Cette passe d’armes dépasse la simple querelle diplomatique ; elle illustre le basculement géopolitique profond du Sahel. En dénonçant une « sélectivité malveillante », l’AES pointe du doigt l’asymétrie de l’indignation européenne. Pourquoi exiger la restauration d’un ordre déchu alors que les massacres terroristes, qui endeuillent la région depuis une décennie, ne suscitent jamais une telle célérité institutionnelle ? L’argumentaire de la Confédération frappe par sa verticalité.
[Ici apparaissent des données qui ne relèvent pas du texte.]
(* Let $F\in\mathbb{R}^{n\times n}$ and $L\in\mathbb{R}^{n\times m}$, and let $\Sigma\in\mathbb{R}^{m\times m}$ be symmetric positive definite with symmetric square root $\Sigma^{1/2}$. Let $\alpha>0$, $\mathcal{A}\in(0,1]$, $a_p\in(0,\mathcal{A})$ and $\bar v_p>0$. Set $$\underline{\epsilon}_p=\frac{m}{\mathcal{A}-a_p}-\alpha,\qquad \bar\omega=\alpha+\underline{\epsilon}_p+\bar v_p .$$ Fix $b\in(0,1)$ and let $\mathcal{P}$ be a solution of $$\min_{\mathcal{P}}\ -\log\det\mathcal{P}\quad\text{s.t.}\quad \mathcal{P}\succ0\ \text{ and }\ \mathrm{(LMI)} .$$ Then: (i) every trajectory of $e_{k+1}=Fe_k-L\Sigma^{1/2}\zeta_k+v_k$ with $e_1=0$, $\|\zeta_k\|^2\le\alpha+\underline{\epsilon}_p$ and $\|v_k\|^2\le\bar v_p$ for all $k$ satisfies $e_k^T\mathcal{P}e_k\le1$; that is, the corresponding reachable set $\tilde{\mathcal{R}}$ lies in $\{e:e^T\mathcal{P}e\le1\}$; (ii) this ellipsoid has minimal volume among ellipsoids $\{e:e^T\mathcal{P}'e\le1\}$ with $\mathcal{P}'\succ0$ satisfying (LMI) for this $b$.
   Context: (LMI) denotes the matrix inequality $$\begin{bmatrix} b\mathcal{P} & F^T \mathcal{P} & 0 & 0 & 0 & 0\\ \mathcal{P} F & \mathcal{P} & \mathcal{P} & -\mathcal{P} L \Sigma^{1/2} & 0 & 0\\ 0 & \mathcal{P} & \tfrac{1-b}{\bar{\omega}}I & 0 & 0 & 0\\ 0 & -\Sigma^{1/2}L^T \mathcal{P} & 0 & \tfrac{1-b}{\bar{\omega}}I & 0 & 0\\ 0 & 0 & 0 & 0 & I & 0\\ 0 & 0 & 0 & 0 & 0 & I \end{bmatrix}\succeq 0 .$$ Interpretation in the paper: $\zeta_k=\Sigma^{-1/2}(Ce_k+\eta_k+\delta_k)$ is the normalized residual under a sensor attack $\delta_k$, and $\alpha$ is the chi-squared detector threshold with false alarm rate $\mathcal{A}$. The attacker is assumed to keep $E[\zeta_k]=0$ and $E[\zeta_k\zeta_k^T]=I_m$. The value $\underline{\epsilon}_p$ then comes from a Markov-inequality bound guaranteeing $\Pr[\|\zeta_k\|^2\le\alpha+\underline{\epsilon}_p]\ge p:=1-\mathcal{A}+a_p$. The constant $\bar v_p$ is chosen so that $\Pr[\|v_k\|^2\le\bar v_p]=p$. *)

theory Defs
  imports "HOL-Analysis.Analysis"
begin

definition posdef :: "real^'n^'n \<Rightarrow> bool" where
  "posdef P \<longleftrightarrow> transpose P = P \<and> (\<forall>x. x \<noteq> 0 \<longrightarrow> x \<bullet> (P *v x) > 0)"

text \<open>The LMI of the paper: the 6x6 block matrix
  [[b P, F^T P, 0, 0, 0, 0],
   [P F, P, P, -P L S, 0, 0],
   [0, P, c I, 0, 0, 0],
   [0, -S L^T P, 0, c I, 0, 0],
   [0, 0, 0, 0, I, 0],
   [0, 0, 0, 0, 0, I]]   with c = (1-b)/omega and S the square root of Sigma
  is positive semidefinite, written literally as nonnegativity of its quadratic
  form, expanded block by block (blocks of sizes n, n, n, m, n, n).\<close>
definition lmi :: "real \<Rightarrow> real \<Rightarrow> real^'n^'n \<Rightarrow> real^'m^'n \<Rightarrow> real^'m^'m \<Rightarrow> real^'n^'n \<Rightarrow> bool" where
  "lmi b \<omega> F L S P \<longleftrightarrow>
    (\<forall>(x1::real^'n) (x2::real^'n) (x3::real^'n) (x4::real^'m) (x5::real^'n) (x6::real^'n).
       0 \<le> x1 \<bullet> ((b *\<^sub>R P) *v x1) + x1 \<bullet> ((transpose F ** P) *v x2)
          + x2 \<bullet> ((P ** F) *v x1) + x2 \<bullet> (P *v x2) + x2 \<bullet> (P *v x3)
          + x2 \<bullet> ((- (P ** L ** S)) *v x4)
          + x3 \<bullet> (P *v x2) + x3 \<bullet> ((((1 - b) / \<omega>) *\<^sub>R mat 1) *v x3)
          + x4 \<bullet> ((- (S ** transpose L ** P)) *v x2)
          + x4 \<bullet> ((((1 - b) / \<omega>) *\<^sub>R mat 1) *v x4)
          + x5 \<bullet> (mat 1 *v x5) + x6 \<bullet> (mat 1 *v x6))"

end

theory Submission
  imports Defs
begin

text \<open>
  Evaluating the quadratic form of the LMI at (e, -e', v, \<zeta>, 0, 0), where
  e' = F e - L \<Sigma>^(1/2) \<zeta> + v is the successor of e, gives the one-step bound
  e'^T P e' \<le> b e^T P e + (1 - b)/\<omega> (|v|^2 + |\<zeta>|^2).
  Since |v|^2 + |\<zeta>|^2 \<le> \<omega>, the ellipsoid e^T P e \<le> 1 is invariant, and it contains e 1 = 0.
  For the volume: writing M^T P M = I, the ellipsoid is the image of the unit ball
  under M, so its volume is vol(ball) / sqrt(det P); maximising log det P therefore
  minimises the volume.
\<close>

section \<open>Volume of linear images\<close>

text \<open>
  The library computes the volume of linear images only for index types of class wellorder.
  The type 'a rank, a copy of {..<CARD('a)}, is such an index type in bijection with 'a;
  reindexing coordinates along the bijection preserves Lebesgue measure and determinants.
\<close>

typedef (overloaded) 'a rank = "{..<CARD('a::finite)}"
  by (rule exI[of _ 0]) simp

instantiation rank :: (finite) linorder
begin
definition less_eq_rank :: "'a rank \<Rightarrow> 'a rank \<Rightarrow> bool" where "i \<le> j \<longleftrightarrow> Rep_rank i \<le> Rep_rank j"
definition less_rank :: "'a rank \<Rightarrow> 'a rank \<Rightarrow> bool" where "i < j \<longleftrightarrow> Rep_rank i < Rep_rank j"
instance by standard (auto simp: less_eq_rank_def less_rank_def Rep_rank_inject)
end

instance rank :: (finite) finite
  by standard (simp add: type_definition.univ[OF type_definition_rank])

instance rank :: (finite) wellorder
proof -
  have "wf {(x :: 'a rank, y). x < y}"
    by (rule wf_subset[OF wf_inv_image[OF wf_less_than, of Rep_rank]]) (auto simp: less_rank_def)
  then show "OFCLASS('a rank, wellorder_class)"
    by (rule wf_wellorderI) intro_classes
qed

lemma card_rank: "CARD('a::finite rank) = CARD('a)"
  using type_definition.card[OF type_definition_rank] by simp

definition vec_reindex :: "('k \<Rightarrow> 'n) \<Rightarrow> 'a^'n \<Rightarrow> 'a^'k" where
  "vec_reindex h x = (\<chi> j. x $ h j)"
L’organisation refuse désormais de recevoir des « leçons de gouvernance » de la part d’une Europe jugée en déphasage avec les réalités du terrain. Ce refus des diktats extérieurs marque la naissance d’un pôle de souveraineté qui ne négocie plus son droit à l’autodétermination.

L’impact de cette posture sur le développement du Niger et de ses voisins devient immédiat. En rejetant ce que le communiqué qualifie de « passé colonial révolu », l’AES déplace le curseur de la croissance. Le développement ne se dicte plus depuis les chancelleries occidentales mais se pense en fonction des besoins sécuritaires et sociaux des populations sahéliennes. L’AES démasque des « intérêts économiques inavoués ». Cette prise de conscience impose une renégociation des partenariats pour que les richesses du sous-sol profitent enfin aux citoyens. En affirmant que ces résolutions n’influencent pas sa marche, l’AES consolide un bloc monolithique capable de résister aux pressions financières.

Le capitaine Ibrahim Traoré signe ici un manifeste de résistance. Ce n’est plus le temps de la diplomatie de la courbette. L’AES choisit de se concentrer sur ses propres défis internes plutôt que de répondre aux attentes d’un Parlement européen qui tente désespérément de restaurer un système obsolète. Cette fermeté institutionnelle dessine les contours d’une Afrique qui n’attend plus de validation pour exister. La marche de la Confédération s’inscrit dans une dynamique politique et sociale que nulle injonction extérieure ne saurait désormais freiner. Au Sahel, le temps des maîtres meurt, celui des peuples commence.